Railway station in Hachiōji, Tokyo, Japan

Kitano Station (北野駅, Kitano-eki) is a junction passenger railway station located in the city of Hachiōji, Tokyo, Japan, operated by the private railway operator Keio Corporation.

== Lines ==
Kitano Station is a junction of the Keiō and Takao Lines. It is and is located 36.1 kilometers from the starting point of the Keio Line at Shinjuku Station and is a terminus of the Takao Line.

==Services==
All seven types of train service stop at this station: local, rapid, semi express, express, semi special express, special express trains and Keiō Liner trains.

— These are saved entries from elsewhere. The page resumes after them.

lemma (in group) conj_mult:
  "s \<in> carrier G \<Longrightarrow> x \<in> carrier G \<Longrightarrow> y \<in> carrier G \<Longrightarrow>
   inv s \<otimes> (x \<otimes> y) \<otimes> s = (inv s \<otimes> x \<otimes> s) \<otimes> (inv s \<otimes> y \<otimes> s)"
proof -
  assume carr: "s \<in> carrier G" "x \<in> carrier G" "y \<in> carrier G"
  have cancel: "s \<otimes> (inv s \<otimes> z) = z" if "z \<in> carrier G" for z
    using carr that by (simp add: m_assoc[symmetric])
  show ?thesis using carr by (simp add: m_assoc cancel)
qed

lemma (in group) conj_pow:
  "s \<in> carrier G \<Longrightarrow> x \<in> carrier G \<Longrightarrow> inv s \<otimes> (x [^] (m::nat)) \<otimes> s = (inv s \<otimes> x \<otimes> s) [^] m"
  by (induction m) (simp_all add: conj_mult)

text \<open>The setting of the proposition for an arbitrary subgroup D: D is elementary abelian with
  basis g 1, ..., g n, and conjugation by any representative s of a coset y of D acts
  unitriangularly with subdiagonal coefficients l i j y.\<close>
locale unitriangular_basis = group G for G (structure) +
  fixes p n :: nat and g :: "nat \<Rightarrow> 'a" and D :: "'a set" and l :: "nat \<Rightarrow> nat \<Rightarrow> 'a set \<Rightarrow> nat"
  assumes D_subgroup: "subgroup D G"
    and D_comm: "\<forall>x \<in> D. \<forall>y \<in> D. x \<otimes> y = y \<otimes> x"
    and D_exp: "\<forall>x \<in> D. x [^] p = \<one>"
    and p_prime: "Factorial_Ring.prime p"
    and basis: "fp_basis G p D n g"
    and l_range: "\<forall>i j y. l i j y < p"
    and unitri: "\<forall>y \<in> carrier (G Mod D). \<forall>s \<in> y. \<forall>j \<in> {1..n}.
      inv s \<otimes> g j \<otimes> s = g j \<otimes> ordprod G g (\<lambda>i. l i j y) [Suc j..<Suc n]"
begin

abbreviation coords :: "(nat \<Rightarrow> nat) set" where
  "coords \<equiv> {1..n} \<rightarrow>\<^sub>E {..<p}"

abbreviation coord_prod :: "(nat \<Rightarrow> nat) \<Rightarrow> 'a" where
  "coord_prod a \<equiv> ordprod G g a [1..<Suc n]"

lemma p_gt_1: "p > 1"
  using p_prime prime_gt_1_nat by blast

lemma g_in_D: "j \<in> {1..n} \<Longrightarrow> g j \<in> D"
  using basis by (auto simp: fp_basis_def)

lemma coord_bij: "bij_betw coord_prod coords D"
  using basis by (simp add: fp_basis_def)

lemma coord_prod_inj: "a \<in> coords \<Longrightarrow> b \<in> coords \<Longrightarrow> coord_prod a = coord_prod b \<Longrightarrow> a = b"
  using bij_betw_imp_inj_on[OF coord_bij] by (auto dest: inj_onD)

lemma coord_prod_surj: "x \<in> D \<Longrightarrow> \<exists>a \<in> coords. x = coord_prod a"
  using bij_betw_imp_surj_on[OF coord_bij] by auto

lemma D_finite: "finite D"
  using bij_betw_finite[OF coord_bij] by (simp add: finite_PiE)

lemma D_carrier: "x \<in> D \<Longrightarrow> x \<in> carrier G"
  using subgroup.subset[OF D_subgroup] by blast

lemma pow_in_D: "x \<in> D \<Longrightarrow> x [^] (m::nat) \<in> D"
  by (induction m) (auto intro: subgroup.m_closed[OF D_subgroup] subgroup.one_closed[OF D_subgroup])

lemma ordprod_in_D: "set is \<subseteq> {1..n} \<Longrightarrow> ordprod G g a is \<in> D"
  by (induction "is")
    (simp_all add: subgroup.m_closed[OF D_subgroup] subgroup.one_closed[OF D_subgroup] pow_in_D g_in_D)

text \<open>Since D is abelian, coordinate vectors add when the products are multiplied.\<close>
lemma ordprod_mult:
  "set is \<subseteq> {1..n} \<Longrightarrow> ordprod G g a is \<otimes> ordprod G g b is = ordprod G g (\<lambda>i. a i + b i) is"
proof (induction "is")
  case (Cons i "is")
  then have i: "i \<in> {1..n}" and is_sub: "set is \<subseteq> {1..n}" by auto
  define A B u v where "A = ordprod G g a is" and "B = ordprod G g b is"
    and "u = g i [^] a i" and "v = g i [^] b i"
  have AD: "A \<in> D" "B \<in> D" and vD: "v \<in> D"
    unfolding A_def B_def v_def using ordprod_in_D[OF is_sub] pow_in_D g_in_D i by auto
  have carr: "A \<in> carrier G" "B \<in> carrier G" "u \<in> carrier G" "v \<in> carrier G"
    using AD vD D_carrier g_in_D[OF i] unfolding u_def by auto
  have "(u \<otimes> A) \<otimes> (v \<otimes> B) = u \<otimes> ((A \<otimes> v) \<otimes> B)" using carr by (simp add: m_assoc)
  also have "A \<otimes> v = v \<otimes> A" using D_comm AD vD by blast
  also have "u \<otimes> ((v \<otimes> A) \<otimes> B) = (u \<otimes> v) \<otimes> (A \<otimes> B)" using carr by (simp add: m_assoc)
  also have "u \<otimes> v = g i [^] (a i + b i)"
    unfolding u_def v_def using D_carrier[OF g_in_D[OF i]] by (rule nat_pow_mult)
  finally show ?case using Cons.IH[OF is_sub] unfolding A_def B_def u_def v_def by simp
qed simp

lemma ordprod_pow:
  "set is \<subseteq> {1..n} \<Longrightarrow> ordprod G g a is [^] (m::nat) = ordprod G g (\<lambda>i. m * a i) is"
  by (induction m) (simp_all add: ordprod_zero ordprod_mult add.commute)

lemma ordprod_mod: "set is \<subseteq> {1..n} \<Longrightarrow> ordprod G g a is = ordprod G g (\<lambda>i. a i mod p) is"
proof (induction "is")
  case (Cons i "is")
  have gi: "g i \<in> D" using Cons.prems g_in_D by auto
  have "g i [^] a i = g i [^] (a i mod p + p * (a i div p))" by simp
  also have "\<dots> = g i [^] (a i mod p) \<otimes> (g i [^] p) [^] (a i div p)"
    using D_carrier[OF gi] by (simp add: nat_pow_mult nat_pow_pow)
  also have "\<dots> = g i [^] (a i mod p)" using D_carrier[OF gi] D_exp gi by simp
  finally show ?case using Cons by simp
qed simp

lemma ordprod_append:
  "set is \<subseteq> {1..n} \<Longrightarrow> set js \<subseteq> {1..n} \<Longrightarrow>
   ordprod G g a (is @ js) = ordprod G g a is \<otimes> ordprod G g a js"
  by (induction "is") (auto simp: m_assoc D_carrier g_in_D ordprod_in_D)

lemma ordprod_delta:
  "set is \<subseteq> {1..n} \<Longrightarrow> distinct is \<Longrightarrow>
   ordprod G g (\<lambda>i. if i = j then 1 else 0) is = (if j \<in> set is then g j else \<one>)"
  by (induction "is") (auto simp: ordprod_zero D_carrier g_in_D)

lemma coset_elem_carrier: "y \<in> carrier (G Mod D) \<Longrightarrow> s \<in> y \<Longrightarrow> s \<in> carrier G"
  using subgroup.elemrcos_carrier[OF D_subgroup is_group] by (auto simp: carrier_FactGroup RCOSETS_def)

lemma rcos_in_Mod: "s \<in> carrier G \<Longrightarrow> D #> s \<in> carrier (G Mod D) \<and> s \<in> D #> s"
  using rcos_self[OF _ D_subgroup] by (auto simp: carrier_FactGroup RCOSETS_def)

lemma ordprod_tail:
  assumes j: "j \<in> {1..n}"
  shows "ordprod G g c [Suc j..<Suc n] = coord_prod (\<lambda>k. if j < k then c k else 0)"
proof -
  have split: "[1..<Suc n] = [1..<Suc j] @ [Suc j..<Suc n]"
    using j upt_add_eq_append[of 1 "Suc j" "n - j"] by auto
  have "coord_prod (\<lambda>k. if j < k then c k else 0)
      = ordprod G g (\<lambda>k. if j < k then c k else 0) [1..<Suc j] \<otimes>
        ordprod G g (\<lambda>k. if j < k then c k else 0) [Suc j..<Suc n]"
    unfolding split using j by (intro ordprod_append) auto
  also have "ordprod G g (\<lambda>k. if j < k then c k else 0) [1..<Suc j] = \<one>"
    by (intro ordprod_zero) auto
  also have "ordprod G g (\<lambda>k. if j < k then c k else 0) [Suc j..<Suc n] = ordprod G g c [Suc j..<Suc n]"
    by (intro ordprod_cong) auto
  finally show ?thesis using j by (simp add: D_carrier ordprod_in_D)
qed

definition conj_coeffs :: "nat \<Rightarrow> 'a set \<Rightarrow> nat \<Rightarrow> nat" where
  "conj_coeffs j y k = (if k = j then 1 else 0) + (if j < k then l k j y else 0)"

Trains run 0445-0050 weekdays and 0450-0045 weekends. The typical hourly weekday off-peak service is:
- 9 trains to Shinjuku, of which:
  - 3 are Special Express (Takahatafudō, Seiseki-sakuragaoka, Bubaigawara, Fuchū, Chōfu, Meidaimae and Shinjuku)
  - 3 are Semi-Special Express (Takahatafudō, Seiseki-sakuragaoka, Bubaigawara, Fuchū, Chōfu, Chitose-Karasuyama, Meidaimae, Sasazuka and Shinjuku)
  - 3 are Local
- 6 trains to Keiō-hachiōji
- 6 trains to Takaosanguchi, of which:
  - 3 are Special Express (Mejirodai, Takao, Takaosanguchi)
  - 3 are Local

The typical hourly weekend off-peak service is:
- 12 trains to Shinjuku, of which:
  - 3 are Special Express from Keiō-hachiōji
  - 3 are Semi-Special Express from Takaosanguchi
  - 6 are Local
- 6 trains to Keiō-hachiōji
- 6 Local trains to Takaosanguchi

==Station layout==

The station has two elevated island platforms serving four tracks. Tracks 1 and 2 serve Keiō Line trains bound for Keiō-hachiōji Station and Takao Line trains bound for Takaosanguchi Station. Tracks 3 and 4 serve trains bound for Shinjuku Station.

==History==
The station opened on March 24, 1925 as a stop on the Gyokunan Electric Railway, which was absorbed into the Keio Electric Tramway on December 1, 1926. The Goryō Line opened to Tama-Goryō-mae on March 20, 1931 but was suspended on January 21, 1945. After the war, on October 1, 1967, Keio Teito Electric Railway opened the Takao Line to Takaosanguchi, part of which used the old Goryō Line. The station was elevated in the early 1990s. Semi Special Express services began calling here following their creation on March 27, 2001.

==Passenger statistics==
In fiscal 2019, the station was used by an average of 23,006 passengers daily.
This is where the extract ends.